Reputation: 177
I'm scrapping a website script and I came across a variable
var string = "\x61\x48\x52\x30\x63\x44\x6f\x76\x4c\x33\x42\x73\x64\x43\x35\x68\x62\x6d\x6c\x74\x5a\x57\x68\x6c\x59\x58\x5a\x6c\x62\x69\x35\x6c\x64\x53\x7c\x72\x63\x33\x6c\x6b\x63\x32\x51\x76\x51\x6c\x38\x74\x58\x31\x52\x6f\x5a\x56\x7c\x43\x5a\x57\x64\x70\x62\x6d\x35\x70\x62\x6d\x63\x74\x4c\x54\x45\x74\x4c\x54\x45\x31\x4d\x6a\x41\x77\x4e\x44\x51\x78\x4d\x7a\x63\x75\x62\x58\x41\x30\x50\x33\x64\x33\x4e\x58\x63\x30\x4d\x51\x3d\x3d"

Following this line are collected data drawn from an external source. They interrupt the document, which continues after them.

text \<open>If \<open>g - S\<^sup>3 g = v\<close> then \<open>w = S\<^sup>-\<^sup>1 g - g\<close> solves the equation; if \<open>g - S\<^sup>-\<^sup>3 g = v\<close> then
  \<open>w = S\<^sup>-\<^sup>3 g - S\<^sup>-\<^sup>4 g\<close> does. Whichever of \<open>S\<^sup>3\<close>, \<open>S\<^sup>-\<^sup>3\<close> is a contraction provides \<open>g\<close>.\<close>

lemma three_term_dilation_surjective:
  assumes b: "b > 0" and \<sigma>: "\<sigma> > 0" and r: "b\<^sup>2 * \<sigma> powr (- c - 1) \<noteq> 1"
    and v[measurable]: "v \<in> borel_measurable borel" and v_fin: "weighted_sq_norm c v < \<infinity>"
  shows "\<exists>w. w \<in> borel_measurable borel \<and> weighted_sq_norm c w < \<infinity> \<and>
           (AE x in lborel. three_term_dilation b \<sigma> w x = v x)"
proof -
  define r where "r = b\<^sup>2 * \<sigma> powr (- c - 1)"
  have "r > 0" using b \<sigma> by (simp add: r_def)
  have r3: "(b ^ 3)\<^sup>2 * (\<sigma> ^ 3) powr (- c - 1) = r ^ 3"
    unfolding r_def using \<sigma> by (rule power_dilation_factor)
  consider "r < 1" | "r > 1"
    using r unfolding r_def by fastforce
  then show ?thesis
  proof cases
    case 1
    then have contr: "(b ^ 3)\<^sup>2 * (\<sigma> ^ 3) powr (- c - 1) < 1"
      unfolding r3 using \<open>r > 0\<close> by (simp add: power_less_one_iff)
    obtain g where g[measurable]: "g \<in> borel_measurable borel" and "weighted_sq_norm c g < \<infinity>"
      and g_eq: "AE x in lborel. g x - complex_of_real (b ^ 3) * g (x * \<sigma> ^ 3) = v x"
      using dilation_equation_solvable[OF v v_fin _ _ contr] b \<sigma> by auto
    define w where "w y = complex_of_real (1 / b) * g (y * (1 / \<sigma>)) - g y" for y
    have "w \<in> borel_measurable borel"
      unfolding w_def by measurable
    moreover have "weighted_sq_norm c w < \<infinity>"
      unfolding w_def using \<sigma> \<open>weighted_sq_norm c g < \<infinity>\<close>
      by (intro weighted_sq_norm_diff_finite weighted_sq_norm_dilation_finite) measurable
    moreover have "three_term_dilation b \<sigma> w x = g x - complex_of_real (b ^ 3) * g (x * \<sigma> ^ 3)" for x
      using b \<sigma> by (simp add: w_def three_term_dilation_eq eval_nat_numeral field_simps)
    ultimately show ?thesis
      using g_eq by auto
  next
    case 2
    have "(1 / b)\<^sup>2 * (1 / \<sigma>) powr (- c - 1) = 1 / r"
      using b \<sigma> by (simp add: r_def powr_divide power_divide)
    then have "((1 / b) ^ 3)\<^sup>2 * ((1 / \<sigma>) ^ 3) powr (- c - 1) = (1 / r) ^ 3"
      using \<sigma> by (simp only: power_dilation_factor[of "1 / \<sigma>"] divide_pos_pos zero_less_one)
    then have contr: "((1 / b) ^ 3)\<^sup>2 * ((1 / \<sigma>) ^ 3) powr (- c - 1) < 1"
      using 2 by (simp add: power_less_one_iff)
    obtain g where g[measurable]: "g \<in> borel_measurable borel" and "weighted_sq_norm c g < \<infinity>"
      and g_eq: "AE x in lborel. g x - complex_of_real ((1 / b) ^ 3) * g (x * (1 / \<sigma>) ^ 3) = v x"
      using dilation_equation_solvable[OF v v_fin _ _ contr] b \<sigma> by auto
    define w where "w y = complex_of_real ((1 / b) ^ 3) * g (y * (1 / \<sigma>) ^ 3)
      - complex_of_real ((1 / b) ^ 4) * g (y * (1 / \<sigma>) ^ 4)" for y
    have "w \<in> borel_measurable borel"
      unfolding w_def by measurable
    moreover have "weighted_sq_norm c w < \<infinity>"
      unfolding w_def using \<sigma> \<open>weighted_sq_norm c g < \<infinity>\<close>
      by (intro weighted_sq_norm_diff_finite weighted_sq_norm_dilation_finite) measurable
    moreover have "three_term_dilation b \<sigma> w x = g x - complex_of_real ((1 / b) ^ 3) * g (x * (1 / \<sigma>) ^ 3)" for x
      using b \<sigma> by (simp add: w_def three_term_dilation_eq eval_nat_numeral field_simps)
    ultimately show ?thesis
      using g_eq by auto
  qed
qed

lemma AE_lborel_nonzero_imp_iff:
  "(AE x in lborel. (x::real) \<noteq> 0 \<longrightarrow> P x) \<longleftrightarrow> (AE x in lborel. P x)"
proof
  assume "AE x in lborel. x \<noteq> 0 \<longrightarrow> P x"
  with AE_lborel_singleton[of 0] show "AE x in lborel. P x"
    by eventually_elim simp
qed (auto elim: eventually_mono)

lemma three_term_dilation_diff:
  "three_term_dilation b \<sigma> (\<lambda>x. f x - g x) x = three_term_dilation b \<sigma> f x - three_term_dilation b \<sigma> g x"
  by (simp add: three_term_dilation_def sum_subtractf right_diff_distrib)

it's a part of a long string so I'm storing it in python as a substring variable as follows:
let's say that the div that has the script I need is stored in a div
variable, therefore script = div.script.text
returns the script I need, then I search for the above string beginning st = script.find("var string=")
and the end of this string end = script.find(";", k)
, now I can form the string using string = script[st + 11: end - 1]
, now if I run print(string)
it prints
"\x61\x48\x52\x30\x63\x44\x6f\x76\x4c\x33\x42\x73\x64\x43\x35\x68\x62\x6d\x6c\x74\x5a\x57\x68\x6c\x59\x58\x5a\x6c\x62\x69\x35\x6c\x64\x53\x7c\x72\x63\x33\x6c\x6b\x63\x32\x51\x76\x51\x6c\x38\x74\x58\x31\x52\x6f\x5a\x56\x7c\x43\x5a\x57\x64\x70\x62\x6d\x35\x70\x62\x6d\x63\x74\x4c\x54\x45\x74\x4c\x54\x45\x31\x4d\x6a\x41\x77\x4e\x44\x51\x78\x4d\x7a\x63\x75\x62\x58\x41\x30\x50\x33\x64\x33\x4e\x58\x63\x30\x4d\x51\x3d\x3d"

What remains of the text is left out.